После этого Донато не мог лишней минуты задержаться в Кафе; тревога гнала его как можно скорее добраться до хижины знахаря. Теперь его спутниками были только Томазо и Никколо, а Ярец остался в Кафе, где у него был свой угол — каморка в «Золотом колесе». Но про себя Донато мимоходом подумал, что надо бы позвать смекалистого славянина к себе на службу. После всего, что они пережили вместе, Ярец вызывал у Донато доверие даже несмотря на то, что подвел его в начале пути.

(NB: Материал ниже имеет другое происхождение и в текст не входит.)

lemma tame_family_partial:
  assumes "tame_family k u"
  shows "tame_family (Suc k) (\<lambda>e. partial i (u e))"
  unfolding tame_family_def
proof (intro conjI allI impI)
  fix js :: "'a list"
  obtain C where "C \<ge> 0" "\<forall>e x. 0 < e \<and> e \<le> 1 \<longrightarrow> \<bar>partials (js @ [i]) (u e) x\<bar> \<le> C * (1/e) ^ (k + length (js @ [i]))"
    using assms unfolding tame_family_def by blast
  then show "\<exists>C\<ge>0. \<forall>e x. 0 < e \<and> e \<le> 1 \<longrightarrow> \<bar>partials js (partial i (u e)) x\<bar> \<le> C * (1 / e) ^ (Suc k + length js)"
    by (intro exI[of _ C]) (auto simp: partials_append)
qed (use assms in \<open>auto simp: tame_family_def intro: smooth_partial\<close>)

lemma partials_snoc_mult:
  assumes "smooth u" "smooth v"
  shows "partials (js @ [i]) (\<lambda>x. u x * v x)
    = (\<lambda>x. partials js (\<lambda>x. partial i u x * v x) x + partials js (\<lambda>x. u x * partial i v x) x)"
  using assms
  by (simp add: partials_append partial_mult smooth_imp_axis_differentiable smooth_partials_add
      smooth_mult smooth_partial)

lemma tame_family_mult_partials_bound:
  assumes "tame_family k u" "tame_family l v"
  shows "\<exists>C\<ge>0. \<forall>e x. 0 < e \<and> e \<le> 1 \<longrightarrow>
    \<bar>partials is (\<lambda>x. u e x * v e x) x\<bar> \<le> C * (1/e) ^ (k + l + length is)"
  using assms
proof (induction "is" arbitrary: u v k l rule: rev_induct)
  case Nil
  then obtain C1 C2 where "C1 \<ge> 0" "\<forall>e x. 0 < e \<and> e \<le> 1 \<longrightarrow> \<bar>u e x\<bar> \<le> C1 * (1/e) ^ k"
    and "C2 \<ge> 0" "\<forall>e x. 0 < e \<and> e \<le> 1 \<longrightarrow> \<bar>v e x\<bar> \<le> C2 * (1/e) ^ l"
    unfolding tame_family_def by (metis partials.simps(1) list.size(3) add_0_right)
  then have "\<bar>u e x\<bar> * \<bar>v e x\<bar> \<le> (C1 * (1/e) ^ k) * (C2 * (1/e) ^ l)" if "0 < e" "e \<le> 1" for e x
    using that by (intro mult_mono) auto
  then have "\<bar>u e x * v e x\<bar> \<le> (C1 * C2) * (1/e) ^ (k + l)" if "0 < e" "e \<le> 1" for e x
    using that by (simp add: abs_mult power_add mult_ac)
  then show ?case
    using \<open>C1 \<ge> 0\<close> \<open>C2 \<ge> 0\<close> by (intro exI[of _ "C1 * C2"]) auto
next
  case (snoc i js)
  have len: "Suc k + l + length js = k + l + length (js @ [i])" "k + Suc l + length js = k + l + length (js @ [i])"
    by simp_all
  obtain C1 where "C1 \<ge> 0" and C1: "\<forall>e x. 0 < e \<and> e \<le> 1 \<longrightarrow>
      \<bar>partials js (\<lambda>x. partial i (u e) x * v e x) x\<bar> \<le> C1 * (1/e) ^ (k + l + length (js @ [i]))"
    using snoc.IH[OF tame_family_partial[OF snoc.prems(1), of i] snoc.prems(2)] unfolding len by blast
  obtain C2 where "C2 \<ge> 0" and C2: "\<forall>e x. 0 < e \<and> e \<le> 1 \<longrightarrow>
      \<bar>partials js (\<lambda>x. u e x * partial i (v e) x) x\<bar> \<le> C2 * (1/e) ^ (k + l + length (js @ [i]))"
    using snoc.IH[OF snoc.prems(1) tame_family_partial[OF snoc.prems(2), of i]] unfolding len by blast
  have "\<bar>partials (js @ [i]) (\<lambda>x. u e x * v e x) x\<bar> \<le> (C1 + C2) * (1/e) ^ (k + l + length (js @ [i]))"
    if "0 < e" "e \<le> 1" for e x
  proof -
    let ?a = "partials js (\<lambda>x. partial i (u e) x * v e x) x"
    let ?b = "partials js (\<lambda>x. u e x * partial i (v e) x) x"
    have "partials (js @ [i]) (\<lambda>x. u e x * v e x) x = ?a + ?b"
      using that snoc.prems by (simp add: partials_snoc_mult tame_family_def)
    then have "\<bar>partials (js @ [i]) (\<lambda>x. u e x * v e x) x\<bar> \<le> \<bar>?a\<bar> + \<bar>?b\<bar>"
      by (simp only: abs_triangle_ineq)
    then show ?thesis
      using that C1[rule_format, of e x] C2[rule_format, of e x] unfolding distrib_right by linarith
  qed
  then show ?case
    using \<open>C1 \<ge> 0\<close> \<open>C2 \<ge> 0\<close> by (intro exI[of _ "C1 + C2"]) auto
qed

К дому Симоне всадники добрались вечером, когда туманная осенняя сырость беловатой дымкой укрыла окрестности. И в этой полупрозрачной пелене у ворот усадьбы обрисовалась одинокая фигура отшельника. Когда всадники вынырнули перед ним из тумана и спешились, он вскрикнул при виде сына и кинулся ему навстречу. Отец и сын обнялись, и Донато краем уха услышал слова Томазо:
— Бартоло погиб… И все по вине Мамая!..
А взгляд Донато устремился дальше, во двор усадьбы, по которому медленно шли две женщины. Это были Марина и Таисия. Мать поддерживала еще слабую дочь. Донато на миг задохнулся от счастья: да, это была Марина! Слабая, бледная, едва оправившаяся от страшной раны, но живая! Он кинулся к ней, и она, отделившись от матери, шагнула ему навстречу. Боясь причинить ей боль слишком крепкими объятиями, Донато коснулся ее осторожно, бережно. А Марина провела ладонью по его заросшему лицу, по волосам, в которых появились седые нити, и долгим взглядом посмотрела в его лихорадочно блестевшие, воспаленные от усталости и бесконечной тревоги глаза.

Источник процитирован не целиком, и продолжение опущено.